После мокрой тупой ново-английской жары я очень радовалась и удивлялась – так было похоже на Ленинград. Мы жили в пустой квартире дочки одних дальних знакомых на улице Cardinal Lemoine совсем близко от дома, где жил Хемингуэй, когда писал «Праздник». Отца владелицы квартиры звали Boris Grinberg, был он старым французским коммунистом, и его веру в светлые идеалы несколько подорвала поездка в Советский Союз. Он на своё несчастье говорил по-русски, и когда шофёр такси, в которое он уселся в Москве на вокзале, стал ему рассказывать, что все беды от жидов, бедный Boris Grinberg трогательный рассказ вполне понял. По утрам я не ленилась, а бежала под зонтиком в булочную за свежим багетом. Круассаны мы покупали не каждый день, экономя совершенно отсутствующие деньги. И ещё я покупала на рынке форель, которая казалась не вульгарно выращенной для еды в пруду, а вольной неудачницей, попавшей на удочку – просто форель из рассказа «на Биг Ривер».
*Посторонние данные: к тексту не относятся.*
(* Let $U$ be a unicyclic graph of order $n\ge 3$ and let $X\in\mathbb R^{V(U)}$ be a vector all of whose entries are non-negative, or all of whose entries are non-positive. Label the vertices $v_1,\dots,v_n$ of $U$ so that $|X_{v_1}|\ge |X_{v_2}|\ge\cdots\ge |X_{v_n}|$, and write $X_i=X_{v_i}$. Then $$\sum_{uv\in E(U)}X_uX_v\ \le\ \sum_{i=2}^n X_1X_i+X_2X_3,$$ where the right-hand side equals $\sum_{uv\in E(S)}X_uX_v$ for the copy $S$ of $S_n^3$ on the same vertex set in which $v_1$ is adjacent to all other vertices and $v_2v_3$ is the additional edge. If moreover all entries of $X$ are positive (or all are negative) and $|X_1|>|X_2|$, then equality holds only if $U$ is isomorphic to $S_n^3$, with $v_1$ being its vertex of degree $n-1$.
   Context: A unicyclic graph is a connected graph containing exactly one cycle. $S_n^3$ denotes the graph of order $n$ obtained from the star $K_{1,n-1}$ by adding one edge between two of its pendant (degree-one) vertices. *)

theory Defs
  imports Complex_Main
begin

definition simple_graph :: "'a set \<Rightarrow> 'a set set \<Rightarrow> bool" where
  "simple_graph V E \<longleftrightarrow> finite V \<and>
     (\<forall>e\<in>E. \<exists>u v. u \<in> V \<and> v \<in> V \<and> u \<noteq> v \<and> e = {u, v})"

definition adj :: "'a set set \<Rightarrow> 'a \<Rightarrow> 'a \<Rightarrow> bool" where
  "adj E u v \<longleftrightarrow> {u, v} \<in> E"

definition connected_graph :: "'a set \<Rightarrow> 'a set set \<Rightarrow> bool" where
  "connected_graph V E \<longleftrightarrow> V \<noteq> {} \<and>
     (\<forall>u\<in>V. \<forall>v\<in>V. (u, v) \<in> {(x, y). adj E x y}\<^sup>*)"

definition cycle_edges :: "'a list \<Rightarrow> 'a set set" where
  "cycle_edges vs = {{vs ! i, vs ! ((i + 1) mod length vs)} | i. i < length vs}"

text \<open>A cycle of the graph (as a subgraph, identified with its edge set).\<close>
definition is_cycle :: "'a set set \<Rightarrow> 'a set set \<Rightarrow> bool" where
  "is_cycle E C \<longleftrightarrow> (\<exists>vs. length vs \<ge> 3 \<and> distinct vs \<and> C = cycle_edges vs \<and> C \<subseteq> E)"

definition unicyclic :: "'a set \<Rightarrow> 'a set set \<Rightarrow> bool" where
  "unicyclic V E \<longleftrightarrow> simple_graph V E \<and> connected_graph V E \<and> (\<exists>!C. is_cycle E C)"

definition S3_edges :: "nat \<Rightarrow> nat set set" where
  "S3_edges n = {{0, i} | i. 1 \<le> i \<and> i < n} \<union> {{1, 2}}"

definition graph_iso :: "('a \<Rightarrow> 'b) \<Rightarrow> 'a set \<Rightarrow> 'a set set \<Rightarrow> 'b set \<Rightarrow> 'b set set \<Rightarrow> bool" where
  "graph_iso f V E W F \<longleftrightarrow> bij_betw f V W \<and>
     (\<forall>u\<in>V. \<forall>v\<in>V. {u, v} \<in> E \<longleftrightarrow> {f u, f v} \<in> F)"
Когда-то дождь месяц шёл в Усть-Нарве. Почти весь мамин отпуск. Только по вечерам прекращался, и народ вываливался на пляж – смотреть на красное солнце, которое садилось в залив. Гуляли со спидолами в руках – слушали вражьи голоса. До пляжа глушилки не добирались. А был август 68-го.
Ехала сегодня в автобусе, обсасывала дождевые ассоциации, луковицу обдирала.
Шуршит тополь за окном и над ним довольно быстро летит небо – бело-серое в голубых дырках. Так вообще – осмысленная жизнь – не обуза, однако не у всех и не всегда получается.
Папа мой, задумчиво поглядев на цветочные горшки, висящие на нашей улице высоко на фонарных столбах – каждое утро проезжает грузовичок, из него вырастает лестница, с которой мужик в зелёном комбинезоне поливает петунии, герань и всякую мелочь из шланга,– сказал, что нравы всё-таки смягчаются. Двести с небольшим лет назад на фонарных столбах вешали аристократов, а теперь всего-навсего цветочные горшки.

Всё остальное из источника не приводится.